* **Exercise brief**:
Below are records; reproduce exactly the lines from the one that has "(\<exists>!x. x \<in>" through the one that has "of None \<Rightarrow>", ends included, and nothing more.

* **Stored data entries**:
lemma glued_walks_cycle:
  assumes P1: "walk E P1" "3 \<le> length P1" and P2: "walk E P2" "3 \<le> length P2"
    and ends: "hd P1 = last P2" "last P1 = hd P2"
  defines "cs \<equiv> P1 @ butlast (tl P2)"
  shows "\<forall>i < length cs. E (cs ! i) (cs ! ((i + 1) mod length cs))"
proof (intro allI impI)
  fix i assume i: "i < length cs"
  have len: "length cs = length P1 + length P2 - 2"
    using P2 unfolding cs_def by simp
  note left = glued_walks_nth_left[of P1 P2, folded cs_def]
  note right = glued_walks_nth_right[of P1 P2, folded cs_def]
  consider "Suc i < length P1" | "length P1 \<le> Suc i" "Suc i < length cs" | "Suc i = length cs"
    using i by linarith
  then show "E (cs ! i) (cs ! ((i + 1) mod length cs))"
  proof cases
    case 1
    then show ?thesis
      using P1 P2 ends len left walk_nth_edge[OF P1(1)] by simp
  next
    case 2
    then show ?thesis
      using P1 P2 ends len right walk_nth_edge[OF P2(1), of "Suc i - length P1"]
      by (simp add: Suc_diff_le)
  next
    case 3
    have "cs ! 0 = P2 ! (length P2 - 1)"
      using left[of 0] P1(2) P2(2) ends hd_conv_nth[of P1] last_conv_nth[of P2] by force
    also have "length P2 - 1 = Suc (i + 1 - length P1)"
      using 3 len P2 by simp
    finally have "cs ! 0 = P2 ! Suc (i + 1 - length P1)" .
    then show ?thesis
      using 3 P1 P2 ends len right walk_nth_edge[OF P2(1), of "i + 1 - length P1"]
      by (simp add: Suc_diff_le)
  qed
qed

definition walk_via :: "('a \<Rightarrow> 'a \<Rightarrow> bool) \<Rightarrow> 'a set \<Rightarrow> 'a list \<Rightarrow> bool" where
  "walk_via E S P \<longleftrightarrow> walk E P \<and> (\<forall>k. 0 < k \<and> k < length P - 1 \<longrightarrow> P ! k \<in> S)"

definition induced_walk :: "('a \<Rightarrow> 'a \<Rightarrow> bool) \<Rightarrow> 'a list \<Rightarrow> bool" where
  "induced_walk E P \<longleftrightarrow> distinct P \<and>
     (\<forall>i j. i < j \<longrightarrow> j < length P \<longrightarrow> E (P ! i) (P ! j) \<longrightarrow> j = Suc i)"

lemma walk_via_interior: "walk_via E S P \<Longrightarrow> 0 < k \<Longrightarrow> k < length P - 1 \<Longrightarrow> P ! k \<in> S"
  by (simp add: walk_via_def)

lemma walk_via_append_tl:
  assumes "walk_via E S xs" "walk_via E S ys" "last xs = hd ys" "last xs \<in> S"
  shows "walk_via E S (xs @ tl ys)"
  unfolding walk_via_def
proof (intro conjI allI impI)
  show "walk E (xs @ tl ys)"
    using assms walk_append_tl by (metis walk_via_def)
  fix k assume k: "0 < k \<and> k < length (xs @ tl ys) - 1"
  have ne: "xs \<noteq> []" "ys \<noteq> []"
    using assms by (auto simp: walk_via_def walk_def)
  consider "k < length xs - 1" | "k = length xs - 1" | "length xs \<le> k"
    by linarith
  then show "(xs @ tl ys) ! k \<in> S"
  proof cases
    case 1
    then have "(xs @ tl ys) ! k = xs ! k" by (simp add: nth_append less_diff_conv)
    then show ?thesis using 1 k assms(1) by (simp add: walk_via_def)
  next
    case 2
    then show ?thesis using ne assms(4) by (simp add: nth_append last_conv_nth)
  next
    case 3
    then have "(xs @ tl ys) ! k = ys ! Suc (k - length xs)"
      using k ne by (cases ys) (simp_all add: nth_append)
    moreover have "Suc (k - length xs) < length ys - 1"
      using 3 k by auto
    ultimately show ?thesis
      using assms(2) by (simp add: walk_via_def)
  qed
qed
...
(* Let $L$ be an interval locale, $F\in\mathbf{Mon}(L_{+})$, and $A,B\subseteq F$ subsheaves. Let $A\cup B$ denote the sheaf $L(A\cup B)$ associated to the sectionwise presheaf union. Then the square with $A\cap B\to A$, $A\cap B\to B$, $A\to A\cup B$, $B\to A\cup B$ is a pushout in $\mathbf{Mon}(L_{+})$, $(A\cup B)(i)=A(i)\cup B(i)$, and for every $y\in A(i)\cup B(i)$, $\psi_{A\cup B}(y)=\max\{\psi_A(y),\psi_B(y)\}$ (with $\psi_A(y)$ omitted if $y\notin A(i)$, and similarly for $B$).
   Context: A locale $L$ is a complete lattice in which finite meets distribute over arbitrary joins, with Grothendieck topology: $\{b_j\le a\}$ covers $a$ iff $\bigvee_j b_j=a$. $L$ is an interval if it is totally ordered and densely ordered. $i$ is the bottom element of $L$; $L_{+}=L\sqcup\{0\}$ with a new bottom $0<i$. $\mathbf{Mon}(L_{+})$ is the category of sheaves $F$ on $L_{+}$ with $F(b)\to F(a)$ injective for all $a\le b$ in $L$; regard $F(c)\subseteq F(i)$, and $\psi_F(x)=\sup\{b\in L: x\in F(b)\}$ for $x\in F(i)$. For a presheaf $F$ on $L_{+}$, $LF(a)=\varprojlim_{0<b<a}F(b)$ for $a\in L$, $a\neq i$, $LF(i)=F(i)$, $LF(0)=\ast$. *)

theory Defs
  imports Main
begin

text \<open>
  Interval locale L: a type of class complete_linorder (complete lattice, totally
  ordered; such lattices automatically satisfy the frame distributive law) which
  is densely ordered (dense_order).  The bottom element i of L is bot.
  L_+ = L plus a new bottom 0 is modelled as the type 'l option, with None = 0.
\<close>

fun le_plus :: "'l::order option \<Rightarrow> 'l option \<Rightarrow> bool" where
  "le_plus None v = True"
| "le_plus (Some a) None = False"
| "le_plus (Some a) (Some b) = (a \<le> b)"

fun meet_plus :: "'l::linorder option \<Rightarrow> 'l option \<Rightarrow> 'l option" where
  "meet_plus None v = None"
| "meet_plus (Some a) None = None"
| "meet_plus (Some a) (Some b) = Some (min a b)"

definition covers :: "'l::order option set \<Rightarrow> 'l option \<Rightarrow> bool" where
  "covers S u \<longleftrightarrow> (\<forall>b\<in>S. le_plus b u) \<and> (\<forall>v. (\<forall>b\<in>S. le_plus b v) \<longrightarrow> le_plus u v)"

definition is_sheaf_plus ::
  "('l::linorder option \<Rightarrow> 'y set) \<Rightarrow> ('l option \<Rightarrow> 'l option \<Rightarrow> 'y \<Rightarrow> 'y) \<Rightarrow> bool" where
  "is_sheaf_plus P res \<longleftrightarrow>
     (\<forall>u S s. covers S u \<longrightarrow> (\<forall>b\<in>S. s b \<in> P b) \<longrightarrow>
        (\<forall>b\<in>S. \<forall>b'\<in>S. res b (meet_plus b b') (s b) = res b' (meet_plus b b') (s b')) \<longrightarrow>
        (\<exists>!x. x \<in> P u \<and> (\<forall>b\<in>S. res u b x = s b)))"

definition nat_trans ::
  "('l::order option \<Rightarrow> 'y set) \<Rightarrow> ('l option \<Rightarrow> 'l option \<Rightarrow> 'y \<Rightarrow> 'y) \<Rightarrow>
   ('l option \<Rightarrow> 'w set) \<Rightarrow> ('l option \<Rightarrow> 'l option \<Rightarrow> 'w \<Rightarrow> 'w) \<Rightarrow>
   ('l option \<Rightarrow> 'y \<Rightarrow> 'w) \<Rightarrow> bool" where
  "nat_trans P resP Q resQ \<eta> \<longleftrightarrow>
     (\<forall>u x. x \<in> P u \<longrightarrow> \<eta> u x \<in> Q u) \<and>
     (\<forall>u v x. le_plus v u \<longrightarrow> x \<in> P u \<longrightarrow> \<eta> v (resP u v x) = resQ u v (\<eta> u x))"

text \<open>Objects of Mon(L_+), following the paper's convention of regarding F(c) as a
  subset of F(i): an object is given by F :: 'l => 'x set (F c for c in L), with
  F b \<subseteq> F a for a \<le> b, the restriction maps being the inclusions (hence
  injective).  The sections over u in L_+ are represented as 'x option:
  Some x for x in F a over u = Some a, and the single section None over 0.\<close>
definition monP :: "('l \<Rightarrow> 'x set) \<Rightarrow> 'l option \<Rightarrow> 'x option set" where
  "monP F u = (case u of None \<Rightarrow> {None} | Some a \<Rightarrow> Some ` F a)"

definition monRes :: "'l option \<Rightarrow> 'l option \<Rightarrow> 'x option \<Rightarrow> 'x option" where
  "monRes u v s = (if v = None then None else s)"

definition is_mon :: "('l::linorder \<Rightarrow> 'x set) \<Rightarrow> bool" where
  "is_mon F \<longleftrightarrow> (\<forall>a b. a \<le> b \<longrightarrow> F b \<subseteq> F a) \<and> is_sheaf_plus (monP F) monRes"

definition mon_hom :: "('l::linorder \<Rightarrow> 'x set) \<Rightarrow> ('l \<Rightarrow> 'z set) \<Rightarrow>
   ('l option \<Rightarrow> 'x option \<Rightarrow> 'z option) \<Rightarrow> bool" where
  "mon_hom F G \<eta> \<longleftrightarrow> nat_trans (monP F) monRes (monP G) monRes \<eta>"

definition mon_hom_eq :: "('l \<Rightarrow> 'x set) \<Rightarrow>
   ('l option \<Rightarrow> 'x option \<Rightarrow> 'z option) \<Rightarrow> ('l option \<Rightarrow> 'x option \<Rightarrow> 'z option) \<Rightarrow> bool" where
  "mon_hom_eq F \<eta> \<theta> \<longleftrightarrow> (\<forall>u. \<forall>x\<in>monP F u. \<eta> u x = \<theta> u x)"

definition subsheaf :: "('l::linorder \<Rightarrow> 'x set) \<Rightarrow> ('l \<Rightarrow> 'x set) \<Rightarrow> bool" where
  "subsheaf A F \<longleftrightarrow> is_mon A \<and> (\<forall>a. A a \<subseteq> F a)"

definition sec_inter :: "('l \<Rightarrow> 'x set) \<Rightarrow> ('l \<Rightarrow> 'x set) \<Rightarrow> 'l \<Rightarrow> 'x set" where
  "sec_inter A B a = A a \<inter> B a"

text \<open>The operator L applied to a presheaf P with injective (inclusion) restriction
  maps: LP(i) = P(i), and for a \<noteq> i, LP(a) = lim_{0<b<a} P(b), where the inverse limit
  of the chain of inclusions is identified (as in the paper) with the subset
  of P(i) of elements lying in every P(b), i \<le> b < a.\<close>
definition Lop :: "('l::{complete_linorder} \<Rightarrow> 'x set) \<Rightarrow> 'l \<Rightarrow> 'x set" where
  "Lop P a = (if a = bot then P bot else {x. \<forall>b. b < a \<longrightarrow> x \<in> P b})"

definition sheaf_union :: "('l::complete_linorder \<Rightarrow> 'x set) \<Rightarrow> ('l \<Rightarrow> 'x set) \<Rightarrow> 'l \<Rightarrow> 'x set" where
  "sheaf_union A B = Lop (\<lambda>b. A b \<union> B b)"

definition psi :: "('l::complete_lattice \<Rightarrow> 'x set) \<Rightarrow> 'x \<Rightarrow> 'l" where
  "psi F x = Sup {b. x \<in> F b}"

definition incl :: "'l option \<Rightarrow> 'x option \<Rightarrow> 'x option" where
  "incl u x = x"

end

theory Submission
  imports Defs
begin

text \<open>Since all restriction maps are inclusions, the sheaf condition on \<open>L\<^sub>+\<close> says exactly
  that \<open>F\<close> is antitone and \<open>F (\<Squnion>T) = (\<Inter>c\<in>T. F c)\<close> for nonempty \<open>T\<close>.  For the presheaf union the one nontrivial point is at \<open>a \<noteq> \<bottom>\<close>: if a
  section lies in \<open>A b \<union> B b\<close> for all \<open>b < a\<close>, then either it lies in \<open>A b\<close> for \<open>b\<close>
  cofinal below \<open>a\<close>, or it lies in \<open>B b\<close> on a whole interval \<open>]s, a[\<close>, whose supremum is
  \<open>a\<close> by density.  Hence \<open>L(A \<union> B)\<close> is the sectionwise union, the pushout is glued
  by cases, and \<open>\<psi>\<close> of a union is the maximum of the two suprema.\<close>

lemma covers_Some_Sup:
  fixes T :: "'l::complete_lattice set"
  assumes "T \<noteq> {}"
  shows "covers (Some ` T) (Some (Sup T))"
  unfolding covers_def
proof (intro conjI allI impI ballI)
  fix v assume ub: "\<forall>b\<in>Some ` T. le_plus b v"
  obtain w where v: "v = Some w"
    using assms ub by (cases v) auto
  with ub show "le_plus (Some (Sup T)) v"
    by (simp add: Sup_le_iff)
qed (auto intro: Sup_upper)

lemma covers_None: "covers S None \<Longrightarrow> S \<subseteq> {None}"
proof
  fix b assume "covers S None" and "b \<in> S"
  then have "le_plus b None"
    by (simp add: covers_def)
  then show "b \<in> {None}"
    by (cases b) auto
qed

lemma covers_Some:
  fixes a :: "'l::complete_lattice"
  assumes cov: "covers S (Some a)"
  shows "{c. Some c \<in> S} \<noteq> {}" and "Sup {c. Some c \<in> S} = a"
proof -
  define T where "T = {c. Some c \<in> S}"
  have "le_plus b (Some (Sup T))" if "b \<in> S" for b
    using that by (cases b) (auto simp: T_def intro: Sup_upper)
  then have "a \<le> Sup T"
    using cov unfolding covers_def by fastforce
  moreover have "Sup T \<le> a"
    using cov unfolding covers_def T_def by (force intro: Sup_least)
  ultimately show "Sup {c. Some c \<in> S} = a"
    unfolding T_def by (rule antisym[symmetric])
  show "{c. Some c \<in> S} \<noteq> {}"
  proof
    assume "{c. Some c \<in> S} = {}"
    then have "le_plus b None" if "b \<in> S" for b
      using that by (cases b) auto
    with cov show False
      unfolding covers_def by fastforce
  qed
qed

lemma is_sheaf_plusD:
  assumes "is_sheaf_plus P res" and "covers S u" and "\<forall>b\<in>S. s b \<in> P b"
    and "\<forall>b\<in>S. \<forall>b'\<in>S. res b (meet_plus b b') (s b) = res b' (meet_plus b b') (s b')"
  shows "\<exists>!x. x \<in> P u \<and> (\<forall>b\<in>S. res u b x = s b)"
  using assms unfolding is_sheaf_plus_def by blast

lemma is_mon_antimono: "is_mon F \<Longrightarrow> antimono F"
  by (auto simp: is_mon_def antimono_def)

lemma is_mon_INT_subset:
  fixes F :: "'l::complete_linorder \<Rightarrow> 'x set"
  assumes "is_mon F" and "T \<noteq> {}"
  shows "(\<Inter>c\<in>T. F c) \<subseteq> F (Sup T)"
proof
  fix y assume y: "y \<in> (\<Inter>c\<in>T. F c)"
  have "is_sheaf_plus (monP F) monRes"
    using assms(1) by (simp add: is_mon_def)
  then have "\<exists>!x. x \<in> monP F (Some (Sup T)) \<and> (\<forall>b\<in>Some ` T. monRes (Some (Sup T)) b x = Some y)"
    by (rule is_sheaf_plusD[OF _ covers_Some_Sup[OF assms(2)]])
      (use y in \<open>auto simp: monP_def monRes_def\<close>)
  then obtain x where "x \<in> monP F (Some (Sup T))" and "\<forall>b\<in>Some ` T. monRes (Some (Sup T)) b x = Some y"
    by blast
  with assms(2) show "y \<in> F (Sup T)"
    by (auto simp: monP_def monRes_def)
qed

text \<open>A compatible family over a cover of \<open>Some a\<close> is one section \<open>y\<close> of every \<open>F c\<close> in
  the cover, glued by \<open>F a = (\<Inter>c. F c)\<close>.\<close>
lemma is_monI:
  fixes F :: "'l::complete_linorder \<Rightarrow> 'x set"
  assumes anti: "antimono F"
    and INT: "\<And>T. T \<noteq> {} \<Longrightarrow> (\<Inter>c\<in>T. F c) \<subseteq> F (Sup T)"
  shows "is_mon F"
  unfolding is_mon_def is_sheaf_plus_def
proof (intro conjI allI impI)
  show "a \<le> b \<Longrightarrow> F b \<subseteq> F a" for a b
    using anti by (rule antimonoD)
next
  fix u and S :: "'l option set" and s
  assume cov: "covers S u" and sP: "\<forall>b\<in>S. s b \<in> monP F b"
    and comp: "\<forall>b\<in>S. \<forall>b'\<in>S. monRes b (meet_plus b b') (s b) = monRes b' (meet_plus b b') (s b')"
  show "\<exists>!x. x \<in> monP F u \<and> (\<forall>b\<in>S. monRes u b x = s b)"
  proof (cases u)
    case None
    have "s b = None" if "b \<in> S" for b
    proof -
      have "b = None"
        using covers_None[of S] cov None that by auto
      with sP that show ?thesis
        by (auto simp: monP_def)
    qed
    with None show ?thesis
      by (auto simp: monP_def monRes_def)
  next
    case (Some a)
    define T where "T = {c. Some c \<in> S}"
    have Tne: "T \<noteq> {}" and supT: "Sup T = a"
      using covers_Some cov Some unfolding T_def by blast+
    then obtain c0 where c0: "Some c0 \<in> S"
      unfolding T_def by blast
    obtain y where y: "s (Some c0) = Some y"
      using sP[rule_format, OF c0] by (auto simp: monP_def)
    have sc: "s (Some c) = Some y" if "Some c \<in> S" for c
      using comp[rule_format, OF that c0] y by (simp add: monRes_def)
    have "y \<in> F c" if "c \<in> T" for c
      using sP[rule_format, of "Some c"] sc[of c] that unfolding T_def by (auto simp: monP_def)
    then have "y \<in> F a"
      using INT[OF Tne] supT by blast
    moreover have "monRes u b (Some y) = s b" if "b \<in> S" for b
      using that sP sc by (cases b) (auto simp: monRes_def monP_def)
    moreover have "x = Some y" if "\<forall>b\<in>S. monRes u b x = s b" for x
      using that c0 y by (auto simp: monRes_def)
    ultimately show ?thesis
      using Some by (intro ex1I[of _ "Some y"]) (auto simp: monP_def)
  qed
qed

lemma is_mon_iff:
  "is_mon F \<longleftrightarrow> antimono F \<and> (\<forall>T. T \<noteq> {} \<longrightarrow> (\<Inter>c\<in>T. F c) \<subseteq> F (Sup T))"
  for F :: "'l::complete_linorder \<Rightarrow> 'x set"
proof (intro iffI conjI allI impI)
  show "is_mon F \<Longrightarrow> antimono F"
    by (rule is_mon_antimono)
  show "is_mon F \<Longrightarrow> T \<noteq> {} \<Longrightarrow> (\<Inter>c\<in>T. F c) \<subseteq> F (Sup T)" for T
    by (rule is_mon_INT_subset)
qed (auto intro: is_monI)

* **Written reply**:
        (\<exists>!x. x \<in> P u \<and> (\<forall>b\<in>S. res u b x = s b)))"

definition nat_trans ::
  "('l::order option \<Rightarrow> 'y set) \<Rightarrow> ('l option \<Rightarrow> 'l option \<Rightarrow> 'y \<Rightarrow> 'y) \<Rightarrow>
   ('l option \<Rightarrow> 'w set) \<Rightarrow> ('l option \<Rightarrow> 'l option \<Rightarrow> 'w \<Rightarrow> 'w) \<Rightarrow>
   ('l option \<Rightarrow> 'y \<Rightarrow> 'w) \<Rightarrow> bool" where
  "nat_trans P resP Q resQ \<eta> \<longleftrightarrow>
     (\<forall>u x. x \<in> P u \<longrightarrow> \<eta> u x \<in> Q u) \<and>
     (\<forall>u v x. le_plus v u \<longrightarrow> x \<in> P u \<longrightarrow> \<eta> v (resP u v x) = resQ u v (\<eta> u x))"

text \<open>Objects of Mon(L_+), following the paper's convention of regarding F(c) as a
  subset of F(i): an object is given by F :: 'l => 'x set (F c for c in L), with
  F b \<subseteq> F a for a \<le> b, the restriction maps being the inclusions (hence
  injective).  The sections over u in L_+ are represented as 'x option:
  Some x for x in F a over u = Some a, and the single section None over 0.\<close>
definition monP :: "('l \<Rightarrow> 'x set) \<Rightarrow> 'l option \<Rightarrow> 'x option set" where
  "monP F u = (case u of None \<Rightarrow> {None} | Some a \<Rightarrow> Some ` F a)"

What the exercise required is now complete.